Spring Boot Actuator — The Full Surface¶

The JVM's batteries-included answer. With spring-boot-starter-actuator on the classpath, you opt endpoints in and get a rich diagnostic surface:

# Expose only what you want, on a SEPARATE port.
management.server.port=9090
management.endpoints.web.exposure.include=health,info,metrics,prometheus,threaddump,heapdump,loggers,env

# Real liveness/readiness groups, mapped to k8s probes:
management.endpoint.health.probes.enabled=true
management.health.livenessstate.enabled=true
management.health.readinessstate.enabled=true

# Show health detail only to authenticated callers (default is "never"):
management.endpoint.health.show-details=when-authorized

What you get:

A Spring app can also signal readiness/liveness programmatically:

@Component
public class WarmUp {
    private final ApplicationAvailability availability;
    private final ApplicationEventPublisher publisher;
    // ...
    void onCacheLoaded() {
        // Tell Actuator we're ready to receive traffic.
        AvailabilityChangeEvent.publish(publisher, this, ReadinessState.ACCEPTING_TRAFFIC);
    }
    void onFatalCorruption() {
        // Tell Actuator we're broken — liveness flips, k8s restarts us.
        AvailabilityChangeEvent.publish(publisher, this, LivenessState.BROKEN);
    }
}

This is the JVM's superpower: liveness/readiness/threaddump/heapdump/log-toggle, standardized, with almost no code. The risk is exposing too much (/actuator/env leaks config, /actuator/heapdump leaks memory) — covered in senior.md.

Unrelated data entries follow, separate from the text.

lemma pencil_factor_ideal_if_byz_notin:
  assumes poisson: "poisson_prime s t P" and "P \<noteq> {0}" and byz: "byz s t \<notin> P"
  shows "pencil_factor_ideal s t P"
proof -
  interpret poisson_prime_byz_notin s t P by standard (fact poisson byz)+
  obtain u where u: "prime_elem u" "degree u \<ge> 1" and P: "P = principal_ideal u"
    using principal_generator[OF \<open>P \<noteq> {0}\<close>] by blast
  have "u dvd pbr s t b u" for b
    using poisson P by (simp add: poisson_prime_def mem_principal_ideal)
  then obtain l m where lm: "(l, m) \<noteq> (0, 0)" and f: "u dvd fpencil s t l m"
    using darboux_prime_dvd_fpencil[OF u] by blast
  have "fpencil s t l m \<noteq> 0"
    using byz_eq_0_if_fpencil_eq_0[OF _ lm] byz poisson
    by (auto simp: poisson_prime_def is_prime_ideal_def is_ideal_def)
  moreover have "\<not> is_unit (fpencil s t l m)"
    using f u(1) by (meson dvd_unit_imp_unit prime_elem_not_unit)
  moreover have "irreducible u" using u(1) by (simp add: prime_elem_iff_irreducible)
  ultimately show ?thesis unfolding pencil_factor_ideal_def using lm f P by blast
qed

lemma (in bracket_reversing_involution) pencil_factor_ideal_if_image_byz_notin:
  assumes "poisson_prime s t P" and "P \<noteq> {0}" and "byz (F s) (F t) \<notin> F ` P"
  shows "pencil_factor_ideal s t P"
proof -
  have "poisson_prime (F s) (F t) (F ` P)" by (rule poisson_prime_image[OF assms(1)])
  moreover have "F ` P \<noteq> {0}" using assms(2) by (simp add: image_eq_zero_iff)
  ultimately have "pencil_factor_ideal (F s) (F t) (F ` P)"
    using assms(3) by (rule pencil_factor_ideal_if_byz_notin)
  then show ?thesis by (rule pencil_factor_ideal_image)
qed

lemma pencil_factor_ideal_if_not_residually_null:
  assumes poisson: "poisson_prime s t P" and "P \<noteq> {0}" and "\<not> residually_null s t P"
  shows "pencil_factor_ideal s t P"
proof -
  have "byz s t \<notin> P \<or> bzx s t \<notin> P \<or> bxy s t \<notin> P"
    using assms(3) by (auto simp: residually_null_def pbr_XY pbr_YZ pbr_ZX)
  then show ?thesis
  proof (elim disjE)
    assume "byz s t \<notin> P"
    then show ?thesis using pencil_factor_ideal_if_byz_notin assms(1,2) by blast
  next
    assume "bzx s t \<notin> P"
    then have "byz (swap_xy s) (swap_xy t) \<notin> swap_xy ` P"
      by (simp add: byz_swap_xy swap_xy.mem_image_iff swap_xy_swap_xy)
    then show ?thesis using swap_xy.pencil_factor_ideal_if_image_byz_notin assms(1,2) by blast
  next
    assume "bxy s t \<notin> P"
    then have "byz (swap_xz s) (swap_xz t) \<notin> swap_xz ` P"
      by (simp add: byz_swap_xz swap_xz.mem_image_iff swap_xz_swap_xz)
    then show ?thesis using swap_xz.pencil_factor_ideal_if_image_byz_notin assms(1,2) by blast
  qed
qed

theorem theorem3p8:
  fixes s t :: cpoly3
  assumes "s \<noteq> 0" and "t \<noteq> 0" and "coprime s t"
  shows "poisson_prime s t P \<longleftrightarrow>
           P = {0}
         \<or> (poisson_prime s t P \<and> residually_null s t P)
         \<or> (\<exists>l m u. (l, m) \<noteq> (0, 0) \<and> fpencil s t l m \<noteq> 0 \<and> \<not> is_unit (fpencil s t l m)
                  \<and> irreducible u \<and> u dvd fpencil s t l m \<and> P = principal_ideal u)"
  unfolding pencil_factor_ideal_def[symmetric]
proof
  assume "poisson_prime s t P"
  then show "P = {0} \<or> poisson_prime s t P \<and> residually_null s t P \<or> pencil_factor_ideal s t P"
    using pencil_factor_ideal_if_not_residually_null by blast
next
  assume "P = {0} \<or> poisson_prime s t P \<and> residually_null s t P \<or> pencil_factor_ideal s t P"
  then show "poisson_prime s t P"
    using poisson_prime_zero poisson_prime_pencil_factor unfolding pencil_factor_ideal_def by blast
qed

end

expvar and Runtime Variables¶

Go's expvar is the minimal, zero-dependency /metrics. Importing it registers /debug/vars, which serves a JSON object of published variables plus memstats and cmdline:

import "expvar"

var (
    ordersTotal = expvar.NewInt("orders_total")
    cacheStats  = expvar.NewMap("cache").Init()
)

func init() {
    // You can publish computed values via a function, evaluated on each scrape.
    expvar.Publish("goroutines", expvar.Func(func() any {
        return runtime.NumGoroutine()
    }))
}

// usage: ordersTotal.Add(1) ; cacheStats.Add("hits", 1)

curl localhost:9090/debug/vars
# {"orders_total": 1287, "cache": {"hits": 9001, "misses": 42},
#  "goroutines": 138, "memstats": { ... }, "cmdline": [...] }

When to use expvar vs Prometheus: expvar is great for quick, dependency-free introspection and ad-hoc counters; Prometheus client is what you wire to dashboards and alerting. Many services run both — expvar for a fast human curl, /metrics for the monitoring system. Note: /debug/vars is registered on DefaultServeMux, so a naïve setup can leak it onto your public port. Mount it deliberately.

Runtime Log-Level Toggles¶

The single highest-value "control" endpoint after health. The pattern: an atomic level variable that your logger reads, plus a tiny handler to set it.

Go (slog with a LevelVar)¶

var logLevel = new(slog.LevelVar) // safe for concurrent use; default INFO

func init() {
    slog.SetDefault(slog.New(slog.NewJSONHandler(os.Stdout,
        &slog.HandlerOptions{Level: logLevel})))
}

// POST /admin/loglevel  body: {"level":"DEBUG"}
func setLogLevel(w http.ResponseWriter, r *http.Request) {
    var body struct{ Level string }
    json.NewDecoder(r.Body).Decode(&body)
    switch strings.ToUpper(body.Level) {
    case "DEBUG":
        logLevel.Set(slog.LevelDebug)
    case "INFO":
        logLevel.Set(slog.LevelInfo)
    case "WARN":
        logLevel.Set(slog.LevelWarn)
    default:
        http.Error(w, "bad level", http.StatusBadRequest)
        return
    }
    w.Write([]byte("ok"))
}

logLevel.Set(slog.LevelDebug) takes effect immediately, process-wide, no restart. Pair it with a self-revert (a timer that resets to INFO after 15 minutes) so a forgotten DEBUG toggle doesn't flood your log pipeline forever.

Java (Actuator gives it free)¶

# Read the level:
curl localhost:9090/actuator/loggers/com.example.orders
# Set it at runtime:
curl -X POST localhost:9090/actuator/loggers/com.example.orders \
  -H 'Content-Type: application/json' -d '{"configuredLevel":"DEBUG"}'
# Reset:
curl -X POST localhost:9090/actuator/loggers/com.example.orders \
  -H 'Content-Type: application/json' -d '{"configuredLevel":null}'

Python / Node¶

Python: a handler that calls logging.getLogger(name).setLevel(...). Node: many loggers (pino, winston) expose logger.level = "debug" at runtime; wrap it in an admin route. Same shape everywhere: one atomic-ish level, one guarded endpoint.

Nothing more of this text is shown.